## Task details
Repeat the stretch of entries below from the line with "B \<Longrightarrow> y" through the line with "(* Let $\mu$". Include both ends and add nothing.

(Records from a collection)
theorem proposition5p8:
  fixes F :: "nat \<Rightarrow> complex ^ 'n" and N :: nat and p :: real
  assumes "parseval_frame N F" and "uniform_frame N F" and "p > 1"
  shows "F \<in> zeta1 frob_norm p N F \<inter> zeta1 spec_radius p N F \<inter> zeta1 num_radius p N F
    \<and> AE1_opt frob_norm p N F = real CARD('n) / real N
    \<and> AE1_opt spec_radius p N F = real CARD('n) / real N
    \<and> AE1_opt num_radius p N F = real CARD('n) / real N"
proof -
  have "p \<ge> 1"
    using assms(3) by simp
  have frob: "F \<in> zeta1 frob_norm p N F \<and> AE1_opt frob_norm p N F = real CARD('n) / real N"
    using assms(1,2) \<open>p \<ge> 1\<close>
  proof (rule canonical_dual_optimal)
    show "cmod (cinner g f) \<le> frob_norm (rank_one f g)" for f g :: "complex ^ 'n"
      using cinner_Cauchy_Schwarz[of g f] by (simp add: frob_norm_rank_one mult.commute)
  qed (simp add: frob_norm_rank_one power2_eq_square)
  have spec: "F \<in> zeta1 spec_radius p N F \<and> AE1_opt spec_radius p N F = real CARD('n) / real N"
    using assms(1,2) \<open>p \<ge> 1\<close>
    by (rule canonical_dual_optimal) (simp_all add: spec_radius_rank_one norm_cinner_self)
  have num: "F \<in> zeta1 num_radius p N F \<and> AE1_opt num_radius p N F = real CARD('n) / real N"
    using assms(1,2) \<open>p \<ge> 1\<close> num_radius_rank_one_bounds(1) num_radius_rank_one_self
    by (rule canonical_dual_optimal)
  show ?thesis
    using frob spec num by blast
qed

end
lemma lam_prod_disjoint:
  assumes "\<forall>I\<in>set Is. finite I" "sorted_wrt (\<lambda>A B. A \<inter> B = {}) Is"
  shows "\<exists>\<sigma>. \<sigma> \<noteq> 0 \<and> lam_prod Is = (\<lambda>K. \<sigma> * gbasis (\<Union>(set Is)) K)"
  using assms
proof (induction Is)
  case Nil
  then show ?case by (intro exI[of _ 1]) (simp add: lam_prod_def gone_def)
next
  case (Cons I Is)
  then obtain \<sigma> where \<sigma>: "\<sigma> \<noteq> 0" "lam_prod Is = (\<lambda>K. \<sigma> * gbasis (\<Union>(set Is)) K)"
    by auto
  have "I \<inter> \<Union>(set Is) = {}" "finite I" "finite (\<Union>(set Is))"
    using Cons.prems by auto
  then have "lam_prod (I # Is) = (\<lambda>K. (\<sigma> * gsign I (\<Union>(set Is))) * gbasis (\<Union>(set (I # Is))) K)"
    by (simp add: lam_prod_def \<sigma>(2)[unfolded lam_prod_def] gmul_gbasis)
  moreover have "\<sigma> * gsign I (\<Union>(set Is)) \<noteq> 0"
    using \<sigma>(1) by (simp add: gsign_def)
  ultimately show ?case by blast
qed

lemma lam_tensor_gbasis_subset_Ebar:
  assumes "super_lcs E0 E1" "I \<subseteq> {1..n}"
  shows "lam_tensor (gbasis I) (parity_part E0 E1 (card I)) \<subseteq> Ebar E0 E1 n"
proof
  fix v assume "v \<in> lam_tensor (gbasis I) (parity_part E0 E1 (card I))"
  then obtain w where "w \<in> parity_part E0 E1 (card I)" "v = (\<lambda>K. gbasis I K *\<^sub>R w)"
    unfolding lam_tensor_def by blast
  with assms subspace_0[OF subspace_parity_part[OF assms(1)]] show "v \<in> Ebar E0 E1 n"
    by (auto simp: Ebar_def gbasis_def)
qed

lemma mem_lam_tensorI:
  assumes "subspace S" "a = (\<lambda>K. \<sigma> * gbasis L K)" "\<sigma> \<noteq> 0"
    and "\<And>K. K \<noteq> L \<Longrightarrow> z K = 0" "z L \<in> S"
  shows "z \<in> lam_tensor a S"
proof -
  have "z = (\<lambda>K. a K *\<^sub>R ((1 / \<sigma>) *\<^sub>R z L))"
    using assms(2-4) by (auto simp: gbasis_def)
  moreover have "(1 / \<sigma>) *\<^sub>R z L \<in> S"
    using assms(1,5) by (rule subspace_scale)
  ultimately show ?thesis unfolding lam_tensor_def by blast
qed
theorem corollary3p6:
  fixes d :: nat and G :: "(nat \<Rightarrow> nat) monoid"
    and \<Omega> :: "'w set" and \<phi> :: "(nat \<Rightarrow> nat) \<Rightarrow> 'w \<Rightarrow> 'w" and \<pi> :: "'w \<Rightarrow> nat"
  assumes "d \<ge> 2"
    and "G = sym_group d \<or> G = alt_group d"
  shows "\<not> proper_2bbt_extension G {1..d} (\<lambda>g x. g x) \<Omega> \<phi> \<pi>"
  using assms sym_group_no_extension alt_group_no_extension by blast

end
(* Let $\mathcal J$ be an $n\times n$ signed symbolic matrix with negative diagonal entries, and let $G$ be its J-graph. Fix nodes $i\neq j$, designating $i$ as input and $j$ as output, and let $\mathcal J[\hat i,\hat j]$ denote the minor obtained by deleting row $i$ and column $j$. Then: (1) $\mathcal J[\hat i,\hat j]$ is identically zero if and only if $G$ has no path from $i$ to $j$. (2) Suppose $G$ has a path from $i$ to $j$. Then $\mathcal J[\hat i,\hat j]$ has mixed signs if and only if either $G$ has an incoherent feedforward loop from $i$ to $j$, or $G$ has a positive feedback loop and a path from $i$ to $j$ that are vertex-disjoint.
   Context: A signed symbolic matrix is a matrix whose $(k,l)$ entry is either $a_{kl}$, $-a_{kl}$, or $0$, where the $a_{kl}$ are distinct variables; "negative diagonal" means the $(k,k)$ entry is $-a_{kk}$ for every $k$. A polynomial in the $a_{kl}$ has mixed signs if, after all cancellations, it has at least one monomial with positive coefficient and at least one with negative coefficient. The J-graph $G$ of $\mathcal J$ is the signed directed graph on nodes $1,\ldots,n$ with a positive (resp. negative) edge from $k$ to $l$ iff the $(l,k)$ entry of $\mathcal J$ is $a_{lk}$ (resp. $-a_{lk}$), and no edge otherwise. A path is a walk with no repeated vertices except possibly first = last, in which case it is a cycle; the sign of a set of edges is the product of their signs. A feedback loop is a cycle of length at least two; it is positive if its sign is positive. A feedforward loop from $i$ to $j$ ($j\ne i$) is a pair of distinct paths $P_1\neq P_2$ both starting at $i$ and ending at $j$; it is incoherent if $P_1$ and $P_2$ have opposite signs. *)

theory Defs
  imports "HOL-Library.Poly_Mapping" "Jordan_Normal_Form.Determinant"
begin

text \<open>Multivariate integer polynomials in the variables a_kl, indexed by pairs (k,l):
  a monomial is a finitely supported exponent map, a polynomial a finitely supported
  coefficient map on monomials (convolution product).\<close>

type_synonym monom = "(nat \<times> nat) \<Rightarrow>\<^sub>0 nat"
type_synonym ipoly = "monom \<Rightarrow>\<^sub>0 int"

definition var :: "nat \<Rightarrow> nat \<Rightarrow> ipoly" where
  "var k l = Poly_Mapping.single (Poly_Mapping.single (k, l) 1) 1"

text \<open>Sign pattern s: s k l in {-1,0,1}; entry (k,l) of the symbolic matrix is s k l * a_kl.
  Nodes are 0..n-1.\<close>

definition sign_pattern :: "nat \<Rightarrow> (nat \<Rightarrow> nat \<Rightarrow> int) \<Rightarrow> bool" where
  "sign_pattern n s \<longleftrightarrow> (\<forall>k<n. \<forall>l<n. s k l \<in> {-1, 0, 1})"

definition neg_diag :: "nat \<Rightarrow> (nat \<Rightarrow> nat \<Rightarrow> int) \<Rightarrow> bool" where
  "neg_diag n s \<longleftrightarrow> (\<forall>k<n. s k k = -1)"

definition sym_mat :: "nat \<Rightarrow> (nat \<Rightarrow> nat \<Rightarrow> int) \<Rightarrow> ipoly mat" where
  "sym_mat n s = mat n n (\<lambda>(k, l). of_int (s k l) * var k l)"

text \<open>J-graph: edge k -> l iff entry (l,k) is nonzero; its sign is s l k.\<close>

definition edge :: "(nat \<Rightarrow> nat \<Rightarrow> int) \<Rightarrow> nat \<Rightarrow> nat \<Rightarrow> bool" where
  "edge s k l \<longleftrightarrow> s l k \<noteq> 0"
definition is_partition_list :: "nat set list \<Rightarrow> nat \<Rightarrow> bool" where
  "is_partition_list Is n \<longleftrightarrow>
     (\<forall>j < length Is. Is ! j \<noteq> {})
   \<and> (\<forall>j < length Is. \<forall>l < length Is. j \<noteq> l \<longrightarrow> Is ! j \<inter> Is ! l = {})
   \<and> \<Union> (set Is) = {1..n}"

definition block_union :: "nat set list \<Rightarrow> (nat \<times> nat) set" where
  "block_union Is = (\<Union>I\<in>set Is. I \<times> I)"

end

(* B is a preorder on {1..n}, and M(B,k) is spanned by the matrix units e_pq with (p,q) in B.

   If B is symmetric, it is an equivalence relation whose classes form the partition; M(B,k) is
   the product of the full matrix algebras on the classes, and b |-> (x |-> tr(x b)) is an
   isomorphism of left modules from M(B,k) onto its dual.  Symmetry is what makes it onto: the
   functional f comes from the matrix with (q,p)-entry f(e_pq).

   Conversely, if (i,j) is in B but (j,i) is not, the functional f = (x |-> x_jj) is annihilated
   by e_ij.  A module isomorphism onto the dual maps some m to f, and then e_ij m = 0, i.e. the
   j-th row of m vanishes.  Hence also e_jj m = 0, although e_jj fixes f, which is nonzero. *)

theory Submission
  imports Defs
begin

definition mat_unit :: "nat \<Rightarrow> nat \<Rightarrow> 'k::field mat" where
  "mat_unit p q = (\<lambda>i j. if i = p \<and> j = q then 1 else 0)"

lemma mat_unit_in_SMA: "(p, q) \<in> B \<Longrightarrow> mat_unit p q \<in> SMA B"
  by (auto simp: mat_unit_def SMA_def)

lemma zero_in_SMA: "(\<lambda>_ _. 0) \<in> SMA B"
  by (simp add: SMA_def)

lemma madd_in_SMA: "x \<in> SMA B \<Longrightarrow> y \<in> SMA B \<Longrightarrow> madd x y \<in> SMA B"
  by (simp add: SMA_def madd_def)

lemma msmult_in_SMA: "x \<in> SMA B \<Longrightarrow> msmult c x \<in> SMA B"
  by (simp add: SMA_def msmult_def)
(* Let $\mu$ be a continuous probability measure on $\mathbb{R}^n$ and $\alpha\in[0,1]$. If $S\subset\mathbb{R}^n$ is a compact, connected set with $\mu(S)\ge\max\{\alpha,1-\alpha\}$, then there exists a function $f:S^{n-1}\to\mathbb{R}^n$ such that $\mu\big(H^+_{v,\langle v,f(v)\rangle}\big)=\alpha$ for all $v\in S^{n-1}$ and $\operatorname{Im} f\subset S$.
   Context: A continuous probability measure on $\mathbb{R}^n$ is a Borel probability measure absolutely continuous with respect to Lebesgue measure. For $v\ne 0$, $\lambda\in\mathbb{R}$: $H^+_{v,\lambda}=\{x\in\mathbb{R}^n:\langle x,v\rangle\ge\lambda\}$. *)

theory Defs
  imports "HOL-Analysis.Analysis" "HOL-Probability.Probability"
begin

definition halfspace_plus :: "'a::euclidean_space \<Rightarrow> real \<Rightarrow> 'a set" where
  "halfspace_plus v l = {x. inner x v \<ge> l}"

definition continuous_prob_measure :: "'a::euclidean_space measure \<Rightarrow> bool" where
  "continuous_prob_measure M \<longleftrightarrow>
     prob_space M \<and> sets M = sets borel \<and> absolutely_continuous lborel M"

end

theory Submission
  imports Defs
begin

text \<open>For \<open>v \<noteq> 0\<close>, the map \<open>x \<mapsto> \<mu>(H\<^sup>+\<^sub>v\<^sub>,\<^sub>\<langle>v,x\<rangle>)\<close> is continuous because hyperplanes
  are \<open>\<mu>\<close>-null. On \<open>S\<close> it is at least \<open>\<mu>(S) \<ge> \<alpha>\<close> where \<open>\<langle>v,\<cdot>\<rangle>\<close> is minimal (the halfspace
  contains \<open>S\<close>) and at most \<open>1 - \<mu>(S) \<le> \<alpha>\<close> where \<open>\<langle>v,\<cdot>\<rangle>\<close> is maximal (the halfspace meets \<open>S\<close>
  only in a hyperplane), so by connectedness of \<open>S\<close> it takes the value \<open>\<alpha>\<close> on \<open>S\<close>.\<close>

lemma hyperplane_null_sets_lborel:
  fixes v :: "'a::euclidean_space"
  assumes "v \<noteq> 0"
  shows "{x. x \<bullet> v = t} \<in> null_sets lborel"
proof -
  have "negligible {x. x \<bullet> v = t}"
    using negligible_hyperplane[of v t] assms by (simp add: inner_commute)
  then have "{x. x \<bullet> v = t} \<in> null_sets lebesgue"
    by (simp add: negligible_iff_null_sets)
  moreover have "{x::'a. x \<bullet> v = t} \<in> sets lborel"
    by simp
  ultimately show ?thesis
    by (simp add: null_sets_completion_iff)
qed

lemma continuous_prob_measure_hyperplane_null_sets:
  fixes M :: "'a::euclidean_space measure"
  assumes "continuous_prob_measure M" "v \<noteq> 0"
  shows "{x. x \<bullet> v = t} \<in> null_sets M"
  using assms hyperplane_null_sets_lborel[of v t]
  by (auto simp: continuous_prob_measure_def absolutely_continuous_def)

lemma space_continuous_prob_measure:
  fixes M :: "'a::euclidean_space measure"
  assumes "continuous_prob_measure M"
  shows "space M = UNIV"
  using assms sets_eq_imp_space_eq[of M borel] by (simp add: continuous_prob_measure_def)

lemma measure_halfspace_plus_eq_cdf:
  fixes M :: "'a::euclidean_space measure"
  assumes M: "continuous_prob_measure M" and v: "v \<noteq> 0"
  shows "measure M (halfspace_plus v t) = 1 - cdf (distr M borel (\<lambda>x. x \<bullet> v)) t"
proof -
  interpret prob_space M
    using M by (simp add: continuous_prob_measure_def)
  have sets_M: "sets M = sets borel"
    using M by (simp add: continuous_prob_measure_def)
  have space_M: "space M = UNIV"
    using space_continuous_prob_measure[OF M] .
  have inner_measurable: "(\<lambda>x. x \<bullet> v) \<in> borel_measurable M"
    by (simp add: measurable_cong_sets[OF sets_M refl])
  have below: "{x. x \<bullet> v < t} \<in> sets M"
    by (simp add: sets_M open_Collect_less continuous_intros)
  have "{x. x \<bullet> v \<le> t} = {x. x \<bullet> v < t} \<union> {x. x \<bullet> v = t}"
    by auto
  then have "measure M {x. x \<bullet> v \<le> t} = measure M {x. x \<bullet> v < t}"
    using measure_Un_null_set[OF below continuous_prob_measure_hyperplane_null_sets[OF M v]]
    by simp
  moreover have "cdf (distr M borel (\<lambda>x. x \<bullet> v)) t = measure M {x. x \<bullet> v \<le> t}"
    using inner_measurable by (simp add: cdf_def measure_distr space_M vimage_def)
  moreover have "halfspace_plus v t = space M - {x. x \<bullet> v < t}"
    by (auto simp: halfspace_plus_def space_M)
  ultimately show ?thesis
    using prob_compl[OF below] by simp
qed

lemma continuous_measure_halfspace_plus:
  fixes M :: "'a::euclidean_space measure"
  assumes M: "continuous_prob_measure M" and v: "v \<noteq> 0"
  shows "continuous_on UNIV (\<lambda>t. measure M (halfspace_plus v t))"
proof -
  interpret prob_space M
    using M by (simp add: continuous_prob_measure_def)
  have sets_M: "sets M = sets borel"
    using M by (simp add: continuous_prob_measure_def)
  have space_M: "space M = UNIV"
    using space_continuous_prob_measure[OF M] .
  define N where "N = distr M borel (\<lambda>x. x \<bullet> v)"
  have inner_measurable: "random_variable borel (\<lambda>x. x \<bullet> v)"
    by (simp add: measurable_cong_sets[OF sets_M refl])
  interpret N: real_distribution N
    unfolding N_def using inner_measurable by simp
  have "measure N {t} = 0" for t
    using inner_measurable continuous_prob_measure_hyperplane_null_sets[OF M v, of t]
    by (simp add: N_def measure_distr space_M vimage_def measure_eq_0_null_sets)
  then have "continuous_on UNIV (cdf N)"
    by (simp add: N.isCont_cdf continuous_on_eq_continuous_at)
  then show ?thesis
    by (simp add: measure_halfspace_plus_eq_cdf[OF M v] N_def[symmetric] continuous_intros)
qed

lemma exists_halfspace_plus_measure_eq:
  fixes M :: "'a::euclidean_space measure" and S :: "'a set"
  assumes M: "continuous_prob_measure M" and v: "v \<noteq> 0"
    and "compact S" "connected S"
    and S_large: "measure M S \<ge> max \<alpha> (1 - \<alpha>)"
  shows "\<exists>x\<in>S. measure M (halfspace_plus v (v \<bullet> x)) = \<alpha>"
proof -
  interpret prob_space M
    using M by (simp add: continuous_prob_measure_def)
  have sets_M: "sets M = sets borel"
    using M by (simp add: continuous_prob_measure_def)
  have space_M: "space M = UNIV"
    using space_continuous_prob_measure[OF M] .
  have S_sets: "S \<in> sets M"
    using \<open>compact S\<close> by (simp add: sets_M compact_imp_closed)
  have "S \<noteq> {}"
    using S_large by (auto split: if_splits simp: max_def)
  define g where "g x = measure M (halfspace_plus v (v \<bullet> x))" for x
  have "continuous_on S g"
    unfolding g_def
    by (rule continuous_on_compose2[OF continuous_measure_halfspace_plus[OF M v]])
       (auto intro: continuous_intros)
  have inner_continuous: "continuous_on S (\<lambda>x. x \<bullet> v)"
    by (intro continuous_intros)
  obtain a where a: "a \<in> S" "\<And>y. y \<in> S \<Longrightarrow> a \<bullet> v \<le> y \<bullet> v"
    using continuous_attains_inf[OF \<open>compact S\<close> \<open>S \<noteq> {}\<close> inner_continuous] by blast
  obtain b where b: "b \<in> S" "\<And>y. y \<in> S \<Longrightarrow> y \<bullet> v \<le> b \<bullet> v"
    using continuous_attains_sup[OF \<open>compact S\<close> \<open>S \<noteq> {}\<close> inner_continuous] by blast
  have "\<alpha> \<le> g a"
  proof -
    have "S \<subseteq> halfspace_plus v (v \<bullet> a)"
      using a(2) by (auto simp: halfspace_plus_def inner_commute)
    then have "measure M S \<le> g a"
      unfolding g_def
      by (intro finite_measure_mono)
         (auto simp: sets_M halfspace_plus_def closed_Collect_le continuous_intros)
    then show ?thesis
      using S_large by simp
  qed
  moreover have "g b \<le> \<alpha>"
  proof -
    have hyperplane: "{x. x \<bullet> v = b \<bullet> v} \<in> null_sets M"
      using continuous_prob_measure_hyperplane_null_sets[OF M v] .
    have "halfspace_plus v (v \<bullet> b) \<subseteq> (space M - S) \<union> {x. x \<bullet> v = b \<bullet> v}"
      using b(2) by (force simp: halfspace_plus_def inner_commute space_M)
    then have "g b \<le> measure M ((space M - S) \<union> {x. x \<bullet> v = b \<bullet> v})"
      unfolding g_def using S_sets hyperplane
      by (intro finite_measure_mono) (auto simp: null_setsD2)
    also have "\<dots> = 1 - measure M S"
      using measure_Un_null_set[OF _ hyperplane] S_sets prob_compl by auto
    finally show ?thesis
      using S_large by simp
  qed
  moreover have "connected (g ` S)"
    using connected_continuous_image[OF \<open>continuous_on S g\<close> \<open>connected S\<close>] .
  ultimately have "\<alpha> \<in> g ` S"
    using a(1) b(1) unfolding connected_iff_interval by blast
  then show ?thesis
    by (auto simp: g_def)
qed

theorem mainTheorem4:
  fixes M :: "'a::euclidean_space measure" and S :: "'a set" and \<alpha> :: real
  assumes "continuous_prob_measure M"
    and "\<alpha> \<in> {0..1}"
    and "compact S" and "connected S"
    and "measure M S \<ge> max \<alpha> (1 - \<alpha>)"
  shows "\<exists>f :: 'a \<Rightarrow> 'a.
           (\<forall>v \<in> sphere 0 1. measure M (halfspace_plus v (inner v (f v))) = \<alpha>)
           \<and> f ` sphere 0 1 \<subseteq> S"
proof -
  have "\<forall>v \<in> sphere 0 1. \<exists>x. x \<in> S \<and> measure M (halfspace_plus v (inner v x)) = \<alpha>"
  proof
    fix v :: 'a
    assume "v \<in> sphere 0 1"
    then have "v \<noteq> 0"
      by auto
    then show "\<exists>x. x \<in> S \<and> measure M (halfspace_plus v (inner v x)) = \<alpha>"
      using exists_halfspace_plus_measure_eq[OF assms(1) _ assms(3-5)] by blast
  qed
  then obtain f where "\<forall>v \<in> sphere 0 1. f v \<in> S \<and> measure M (halfspace_plus v (inner v (f v))) = \<alpha>"
    by (metis bchoice)
  then show ?thesis
    by blast
qed

end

## Solved exercise
lemma madd_in_SMA: "x \<in> SMA B \<Longrightarrow> y \<in> SMA B \<Longrightarrow> madd x y \<in> SMA B"
  by (simp add: SMA_def madd_def)

lemma msmult_in_SMA: "x \<in> SMA B \<Longrightarrow> msmult c x \<in> SMA B"
  by (simp add: SMA_def msmult_def)
(* Let $\mu$ be a continuous probability measure on $\mathbb{R}^n$ and $\alpha\in[0,1]$. If $S\subset\mathbb{R}^n$ is a compact, connected set with $\mu(S)\ge\max\{\alpha,1-\alpha\}$, then there exists a function $f:S^{n-1}\to\mathbb{R}^n$ such that $\mu\big(H^+_{v,\langle v,f(v)\rangle}\big)=\alpha$ for all $v\in S^{n-1}$ and $\operatorname{Im} f\subset S$.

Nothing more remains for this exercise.